INFORMATION —
(* Let $\theta\ge1$, let $G=(\mu,\mathcal{V},\mathcal{W},\mathcal{E})$ be a $\theta$-maximal weighted bipartite graph with edge density $\delta>0$, and let $\eta\in(0,1]$. Then, for all sets $\mathcal{A}\subseteq\mathcal{V}$ and $\mathcal{B}\subseteq\mathcal{W}$ such that $\mu(\mathcal{A})\leqslant \eta\cdot \mu(\mathcal{V})$ and $\mu(\mathcal{B})\leqslant\eta \cdot \mu(\mathcal{W})$, we have $\mu(\mathcal{E}(\mathcal{A},\mathcal{B}))\leqslant \eta^{2-2/\theta} \cdot \mu(\mathcal{E})$.
   Context: A weighted bipartite graph is $G=(\mu,\mathcal{V},\mathcal{W},\mathcal{E})$ with $\mu:\mathbb{R}_{>0}\to\mathbb{R}_{>0}$, $\mathcal{V},\mathcal{W}$ finite sets of positive reals, $\mathcal{E}\subseteq\mathcal{V}\times\mathcal{W}$. $\mu(\mathcal{T})=\sum_{t\in\mathcal{T}}\mu(t)$ and $\mu(\mathcal{E})=\sum_{(v,w)\in\mathcal{E}}\mu(v)\mu(w)$. Edge density $\delta(G)=\mu(\mathcal{E})/(\mu(\mathcal{V})\mu(\mathcal{W}))$ if $\mathcal{E}\ne\emptyset$, else $0$. For $\theta\ge1$, $\mu^{(\theta)}(G)=\delta(G)^\theta\mu(\mathcal{V})\mu(\mathcal{W})$. A subgraph of $G$ is $(\mu,\mathcal{V}',\mathcal{W}',\mathcal{E}')$ with $\mathcal{V}'\subseteq\mathcal{V}$, $\mathcal{W}'\subseteq\mathcal{W}$, $\mathcal{E}'\subseteq\mathcal{E}\cap(\mathcal{V}'\times\mathcal{W}')$. $G$ is $\theta$-maximal if $\mu^{(\theta)}(G)\ge\mu^{(\theta)}(G')$ for every subgraph $G'$. $\mathcal{E}(\mathcal{A},\mathcal{B})=\mathcal{E}\cap(\mathcal{A}\times\mathcal{B})$. *)

theory Defs
  imports "HOL-Analysis.Analysis"
begin

record wbg =
  wmu :: "real \<Rightarrow> real"
  vV  :: "real set"
  vW  :: "real set"
  eE  :: "(real \<times> real) set"

definition wbg_valid :: "wbg \<Rightarrow> bool" where
  "wbg_valid G \<longleftrightarrow> (\<forall>t>0. wmu G t > 0) \<and>
     finite (vV G) \<and> finite (vW G) \<and>
     (\<forall>v\<in>vV G. v > 0) \<and> (\<forall>w\<in>vW G. w > 0) \<and>
     eE G \<subseteq> vV G \<times> vW G"

definition mu_set :: "(real \<Rightarrow> real) \<Rightarrow> real set \<Rightarrow> real" where
  "mu_set \<mu> T = (\<Sum>t\<in>T. \<mu> t)"

definition mu_edges :: "(real \<Rightarrow> real) \<Rightarrow> (real \<times> real) set \<Rightarrow> real" where
  "mu_edges \<mu> E = (\<Sum>(v,w)\<in>E. \<mu> v * \<mu> w)"

definition density :: "wbg \<Rightarrow> real" where
  "density G = (if eE G = {} then 0
     else mu_edges (wmu G) (eE G) / (mu_set (wmu G) (vV G) * mu_set (wmu G) (vW G)))"

definition mu_theta :: "real \<Rightarrow> wbg \<Rightarrow> real" where
  "mu_theta \<theta> G = density G powr \<theta> * mu_set (wmu G) (vV G) * mu_set (wmu G) (vW G)"

definition is_subgraph :: "wbg \<Rightarrow> wbg \<Rightarrow> bool" where
  "is_subgraph G' G \<longleftrightarrow> wmu G' = wmu G \<and> vV G' \<subseteq> vV G \<and> vW G' \<subseteq> vW G \<and>
     eE G' \<subseteq> eE G \<inter> (vV G' \<times> vW G')"

definition theta_maximal :: "real \<Rightarrow> wbg \<Rightarrow> bool" where
  "theta_maximal \<theta> G \<longleftrightarrow> (\<forall>G'. is_subgraph G' G \<longrightarrow> mu_theta \<theta> G \<ge> mu_theta \<theta> G')"

definition edges_between :: "wbg \<Rightarrow> real set \<Rightarrow> real set \<Rightarrow> (real \<times> real) set" where
  "edges_between G A B = eE G \<inter> (A \<times> B)"

end

theory Submission
  imports Defs
begin

text \<open>Comparing \<open>G\<close> with its subgraph induced by \<open>A\<close> and \<open>B\<close>, \<open>\<theta>\<close>-maximality gives
  \<open>(x/p)\<^sup>\<theta> p \<le> (e/q)\<^sup>\<theta> q\<close> for \<open>x = \<mu>(E(A,B))\<close>, \<open>p = \<mu>(A)\<mu>(B)\<close>, \<open>e = \<mu>(E)\<close> and
  \<open>q = \<mu>(V)\<mu>(W)\<close>. Taking \<open>\<theta>\<close>-th roots yields \<open>x \<le> (p/q) powr (1 - 1/\<theta>) * e\<close>, and the
  hypotheses give \<open>p/q \<le> \<eta>\<^sup>2\<close>.\<close>

lemma le_powr_ratio_mult_if_density_powr_le:
  fixes x e p q \<theta> :: real
  assumes "x \<ge> 0" "e \<ge> 0" "p > 0" "q > 0" "\<theta> > 0"
    and le: "(x / p) powr \<theta> * p \<le> (e / q) powr \<theta> * q"
  shows "x \<le> (p / q) powr (1 - 1 / \<theta>) * e"
proof -
  have "(x / p) powr \<theta> \<le> (e / q) powr \<theta> * (q / p)"
    using le \<open>p > 0\<close> by (simp add: field_simps)
  then have "((x / p) powr \<theta>) powr (1 / \<theta>) \<le> ((e / q) powr \<theta> * (q / p)) powr (1 / \<theta>)"
    using assms by (intro powr_mono2) auto
  also have "((e / q) powr \<theta> * (q / p)) powr (1 / \<theta>) = e / q * (q / p) powr (1 / \<theta>)"
    using assms by (subst powr_mult) (auto simp: powr_powr)
  finally have "x / p \<le> e / q * (q / p) powr (1 / \<theta>)"
    using assms by (simp add: powr_powr)
  then have "x \<le> e * ((p / q) * (q / p) powr (1 / \<theta>))"
    using assms by (simp add: field_simps)
  also have "(p / q) * (q / p) powr (1 / \<theta>) = (p / q) powr (1 - 1 / \<theta>)"
    using assms by (simp add: powr_diff powr_divide)
  finally show ?thesis
    by (simp add: mult.commute)
qed

lemma wbg_valid_mu_set_nonneg:
  assumes "wbg_valid G" "S \<subseteq> vV G \<union> vW G"
  shows "mu_set (wmu G) S \<ge> 0"
  using assms unfolding wbg_valid_def mu_set_def by (intro sum_nonneg less_imp_le) blast

lemma wbg_valid_mu_set_pos:
  assumes "wbg_valid G" "S \<subseteq> vV G \<union> vW G" "S \<noteq> {}"
  shows "mu_set (wmu G) S > 0"
proof -
  have "finite S"
    using assms unfolding wbg_valid_def by (meson finite_UnI finite_subset)
  then show ?thesis
    using assms unfolding wbg_valid_def mu_set_def by (intro sum_pos) auto
qed

lemma wbg_valid_mu_edges_nonneg:
  assumes "wbg_valid G" "F \<subseteq> eE G"
  shows "mu_edges (wmu G) F \<ge> 0"
  using assms unfolding wbg_valid_def mu_edges_def
  by (intro sum_nonneg) (auto intro!: mult_nonneg_nonneg less_imp_le)

lemma is_subgraph_induced:
  "A \<subseteq> vV G \<Longrightarrow> B \<subseteq> vW G \<Longrightarrow>
    is_subgraph (G\<lparr>vV := A, vW := B, eE := edges_between G A B\<rparr>) G"
  by (auto simp: is_subgraph_def edges_between_def)

lemma mu_theta_nonempty:
  "eE G \<noteq> {} \<Longrightarrow> mu_theta \<theta> G =
    (mu_edges (wmu G) (eE G) / (mu_set (wmu G) (vV G) * mu_set (wmu G) (vW G))) powr \<theta>
      * (mu_set (wmu G) (vV G) * mu_set (wmu G) (vW G))"
  by (simp add: mu_theta_def density_def)

lemma theta_maximal_edges_between_le:
  fixes G :: wbg and \<theta> :: real and A B :: "real set"
  defines "\<mu> \<equiv> wmu G"
  assumes G: "wbg_valid G" and "\<theta> \<ge> 1" and max: "theta_maximal \<theta> G"
    and "A \<subseteq> vV G" and "B \<subseteq> vW G"
  shows "mu_edges \<mu> (edges_between G A B)
    \<le> ((mu_set \<mu> A * mu_set \<mu> B) / (mu_set \<mu> (vV G) * mu_set \<mu> (vW G))) powr (1 - 1 / \<theta>)
      * mu_edges \<mu> (eE G)"
proof (cases "edges_between G A B = {}")
  case True
  then show ?thesis
    using wbg_valid_mu_edges_nonneg[OF G] by (simp add: \<mu>_def mu_edges_def)
next
  case False
  have sub: "edges_between G A B \<subseteq> eE G" "edges_between G A B \<subseteq> A \<times> B"
    by (auto simp: edges_between_def)
  with False have "eE G \<noteq> {}" "A \<noteq> {}" "B \<noteq> {}" "vV G \<noteq> {}" "vW G \<noteq> {}"
    using \<open>A \<subseteq> vV G\<close> \<open>B \<subseteq> vW G\<close> by auto
  then have "mu_set \<mu> A > 0" "mu_set \<mu> B > 0" "mu_set \<mu> (vV G) > 0" "mu_set \<mu> (vW G) > 0"
    using wbg_valid_mu_set_pos[OF G] \<open>A \<subseteq> vV G\<close> \<open>B \<subseteq> vW G\<close>
    unfolding \<mu>_def by blast+
  then have pos: "mu_set \<mu> A * mu_set \<mu> B > 0" "mu_set \<mu> (vV G) * mu_set \<mu> (vW G) > 0"
    by simp_all
  have "mu_theta \<theta> (G\<lparr>vV := A, vW := B, eE := edges_between G A B\<rparr>) \<le> mu_theta \<theta> G"
    using max is_subgraph_induced[OF \<open>A \<subseteq> vV G\<close> \<open>B \<subseteq> vW G\<close>]
    by (simp add: theta_maximal_def)
  then have "(mu_edges \<mu> (edges_between G A B) / (mu_set \<mu> A * mu_set \<mu> B)) powr \<theta>
      * (mu_set \<mu> A * mu_set \<mu> B)
    \<le> (mu_edges \<mu> (eE G) / (mu_set \<mu> (vV G) * mu_set \<mu> (vW G))) powr \<theta>
      * (mu_set \<mu> (vV G) * mu_set \<mu> (vW G))"
    using False \<open>eE G \<noteq> {}\<close> by (simp add: mu_theta_nonempty \<mu>_def)
  then show ?thesis
    using pos \<open>\<theta> \<ge> 1\<close> wbg_valid_mu_edges_nonneg[OF G] sub(1)
    by (intro le_powr_ratio_mult_if_density_powr_le) (auto simp: \<mu>_def)
qed

theorem lemma5p12:
  fixes G :: wbg and \<theta> \<eta> :: real and A B :: "real set"
  assumes "wbg_valid G"
    and "\<theta> \<ge> 1"
    and "theta_maximal \<theta> G"
    and "density G > 0"
    and "0 < \<eta>" and "\<eta> \<le> 1"
    and "A \<subseteq> vV G" and "B \<subseteq> vW G"
    and "mu_set (wmu G) A \<le> \<eta> * mu_set (wmu G) (vV G)"
    and "mu_set (wmu G) B \<le> \<eta> * mu_set (wmu G) (vW G)"
  shows "mu_edges (wmu G) (edges_between G A B) \<le> \<eta> powr (2 - 2 / \<theta>) * mu_edges (wmu G) (eE G)"
proof -
  define \<mu> where "\<mu> = wmu G"
  define p where "p = mu_set \<mu> A * mu_set \<mu> B"
  define q where "q = mu_set \<mu> (vV G) * mu_set \<mu> (vW G)"
  have "eE G \<noteq> {}"
    using \<open>density G > 0\<close> by (auto simp: density_def)
  then have "vV G \<noteq> {}" "vW G \<noteq> {}"
    using \<open>wbg_valid G\<close> by (auto simp: wbg_valid_def)
  then have "q > 0"
    using wbg_valid_mu_set_pos[OF \<open>wbg_valid G\<close>] by (simp add: q_def \<mu>_def)
  have nonneg: "0 \<le> mu_set \<mu> A" "0 \<le> mu_set \<mu> B" "0 \<le> mu_set \<mu> (vV G)"
    using wbg_valid_mu_set_nonneg[OF \<open>wbg_valid G\<close>] assms(7,8) unfolding \<mu>_def
    by (meson le_supI1 le_supI2 order_refl)+
  then have "0 \<le> p"
    by (simp add: p_def)
  have "p \<le> (\<eta> * mu_set \<mu> (vV G)) * (\<eta> * mu_set \<mu> (vW G))"
    using assms(9,10) nonneg \<open>\<eta> > 0\<close> unfolding p_def \<mu>_def by (intro mult_mono) auto
  then have "p / q \<le> \<eta> ^ 2"
    using \<open>q > 0\<close> by (simp add: q_def field_simps power2_eq_square)
  then have "(p / q) powr (1 - 1 / \<theta>) \<le> (\<eta> powr 2) powr (1 - 1 / \<theta>)"
    using \<open>0 \<le> p\<close> \<open>q > 0\<close> \<open>\<theta> \<ge> 1\<close> \<open>\<eta> > 0\<close> by (intro powr_mono2) (auto simp: powr_numeral)
  also have "\<dots> = \<eta> powr (2 - 2 / \<theta>)"
    by (simp add: powr_powr right_diff_distrib)
  finally have "(p / q) powr (1 - 1 / \<theta>) * mu_edges \<mu> (eE G) \<le> \<eta> powr (2 - 2 / \<theta>) * mu_edges \<mu> (eE G)"
    using wbg_valid_mu_edges_nonneg[OF \<open>wbg_valid G\<close>] by (intro mult_right_mono) (auto simp: \<mu>_def)
  with theta_maximal_edges_between_le[OF assms(1-3,7,8)] show ?thesis
    unfolding p_def q_def \<mu>_def by (rule order_trans)
qed

end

WHAT THE TASK REQUIRES — Copy out, from the records above, every line that holds the string "intro".

FINISHED TASK —
    using assms by (intro powr_mono2) auto
  using assms unfolding wbg_valid_def mu_set_def by (intro sum_nonneg less_imp_le) blast
    using assms unfolding wbg_valid_def mu_set_def by (intro sum_pos) auto
  by (intro sum_nonneg) (auto intro!: mult_nonneg_nonneg less_imp_le)
    by (intro le_powr_ratio_mult_if_density_powr_le) (auto simp: \<mu>_def)
    using assms(9,10) nonneg \<open>\<eta> > 0\<close> unfolding p_def \<mu>_def by (intro mult_mono) auto
    using \<open>0 \<le> p\<close> \<open>q > 0\<close> \<open>\<theta> \<ge> 1\<close> \<open>\<eta> > 0\<close> by (intro powr_mono2) (auto simp: powr_numeral)
    using wbg_valid_mu_edges_nonneg[OF \<open>wbg_valid G\<close>] by (intro mult_right_mono) (auto simp: \<mu>_def)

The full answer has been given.